I currently use zorin 9 on my old xp laptop & was wondering if there was a way to remove the password because i may be getting a windows 7 laptop which would let me sell or donate my xp laptop & i don't want to give it to anybody with a password on it. If it's not possible to remove the password i'll reinstall xp if i decide to sell or donate it. Thanks in advance for your help.


----------



## plodr (Jun 27, 2014)

Read this thread discussing the different types of passwords and removal methods
http://zoringroup.com/forum/viewtopic.php?f=5&t=8024


----------



## mpeet611 (Dec 16, 2013)

Thanks for your reply. I'll take a look at the thread.


----------



## renegade600 (Jun 22, 2006)

I think it would be better just to reinstall xp on it. better value if reselling and if donating, it would be of better use. most interested parties would not even know what a zorin is.


----------



## mpeet611 (Dec 16, 2013)

renegade600 said:


> I think it would be better just to reinstall xp on it. better value if reselling and if donating, it would be of better use. most interested parties would not even know what a zorin is.


That's probably what i'll do when i'm ready to donate or sell it because i've been looking at other threads & the information they have for removing a password is very confusing so it will be easier when the time comes to reinstall xp.
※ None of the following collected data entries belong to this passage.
lemma half_turn_trace_mult:
  assumes "half_turn Q" "half_turn R"
  shows "2 \<le> \<bar>trace (Q ** R)\<bar>" and "\<bar>trace (Q ** R)\<bar> = 2 \<Longrightarrow> R = Q \<or> R = - Q"
proof -
  obtain a b c d where Q: "Q = matrix2 a b c d" by (rule matrix2_cases)
  obtain x y z w where R: "R = matrix2 x y z w" by (rule matrix2_cases)
  have d: "d = - a" using assms(1) unfolding Q half_turn_iff_trace by simp
  have w: "w = - x" using assms(2) unfolding R half_turn_iff_trace by simp
  have "- a*a - b*c = 1" "- x*x - y*z = 1"
    using assms unfolding Q R d w half_turn_iff_trace by simp_all
  \<comment> \<open>The half-turn with entries a, b, c, -a is the unit timelike vector (p, a, q) of the
    Lorentzian form -det on trace-free matrices.\<close>
  define p q where "p = (b - c) / 2" and "q = - (b + c) / 2"
  define r k where "r = (y - z) / 2" and "k = - (y + z) / 2"
  have bc: "b = p - q" "c = - (p + q)" and yz: "y = r - k" "z = - (r + k)"
    unfolding p_def q_def r_def k_def by (simp_all add: field_simps)
  have "p\<^sup>2 = 1 + a\<^sup>2 + q\<^sup>2" and "r\<^sup>2 = 1 + x\<^sup>2 + k\<^sup>2"
    using \<open>- a*a - b*c = 1\<close> \<open>- x*x - y*z = 1\<close> unfolding bc yz
    by (simp_all add: power2_eq_square algebra_simps)
  note lorentz = timelike_reverse_cauchy_schwarz[OF this]
  have tr: "\<bar>trace (Q ** R)\<bar> = 2 * \<bar>p*r - a*x - q*k\<bar>"
  proof -
    have "trace (Q ** R) = -2 * (p*r - a*x - q*k)"
      unfolding Q R d w bc yz by (simp add: algebra_simps)
    then show ?thesis by (simp only: abs_mult)
  qed
  show "2 \<le> \<bar>trace (Q ** R)\<bar>" using lorentz(1) unfolding tr by simp
  show "R = Q \<or> R = - Q" if "\<bar>trace (Q ** R)\<bar> = 2"
  proof -
    have "\<bar>p*r - a*x - q*k\<bar> = 1" using that unfolding tr by simp
    then consider "r = p" "x = a" "k = q" | "r = - p" "x = - a" "k = - q"
      using lorentz(2) by auto
    then show ?thesis unfolding Q R d w bc yz by cases simp_all
  qed
qed

lemma hyperbolic_half_turn_mult:
  assumes "half_turn Q" "half_turn R" "R \<noteq> Q" "R \<noteq> - Q"
  shows "hyperbolic (Q ** R)"
  using half_turn_trace_mult[OF assms(1,2)] assms unfolding hyperbolic_def half_turn_def
  by (fastforce simp: det_mul)

lemma half_turns_mult_not_psl_eq_one:
  assumes "half_turn A" "half_turn B" "half_turn C"
  shows "\<not> psl_eq (A ** B ** C) (mat 1)"
proof
  assume "psl_eq (A ** B ** C) (mat 1)"
  then have "A ** (A ** B ** C) = A \<or> A ** (A ** B ** C) = - A"
    unfolding psl_eq_def by (auto simp: matrix_mul_uminus_right)
  then have "B ** C = A \<or> B ** C = - A"
    using assms(1) by (auto simp: matrix_mul_assoc[symmetric] half_turn_mult_self_assoc)
  then have "trace (B ** C) = 0"
    using assms(1) by (auto simp: half_turn_iff_trace trace_uminus)
  then show False using half_turn_trace_mult(1)[OF assms(2,3)] by simp
qed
When that time does come should i use GParted which i have on a disc to delete the zorin partition's & make a new one for xp or can the windows xp setup do that for me?


----------



## renegade600 (Jun 22, 2006)

mpeet611 said:


> That's probably what i'll do when i'm ready to donate or sell it because i've been looking at other threads & the information they have for removing a password is very confusing so it will be easier when the time comes to reinstall xp.
> 
> When that time does come should i use GParted which i have on a disc to delete the zorin partition's & make a new one for xp or can the windows xp setup do that for me?


 windows setup should do it for you.


----------



## mpeet611 (Dec 16, 2013)

OK :up:. Thanks everybody for all the helpful advice  Problem Solved.


----------



## mpeet611 (Dec 16, 2013)

I wanted to share this microsoft article i just found that says all linux partitions must be deleted using a program like GParted before windows xp is reinstalled. https://support.microsoft.com/en-us/kb/314458/en-us


----------



## renegade600 (Jun 22, 2006)

mpeet611 said:


> I wanted to share this microsoft article i just found that says all linux partitions must be deleted using a program like GParted before windows xp is reinstalled. https://support.microsoft.com/en-us/kb/314458/en-us


I have never had to delete linux partitions prior to installing any windows os. You are give the option to delete partitions within the first few screen while installing windows. Also if using the original recovery disks, it will auto delete everything on the drive, including partition, prior to the install.


----------



## mpeet611 (Dec 16, 2013)

I guess i won't need to use GParted as long as the windows xp setup can remove all of the linux partitions. Thanks again for your help.


----------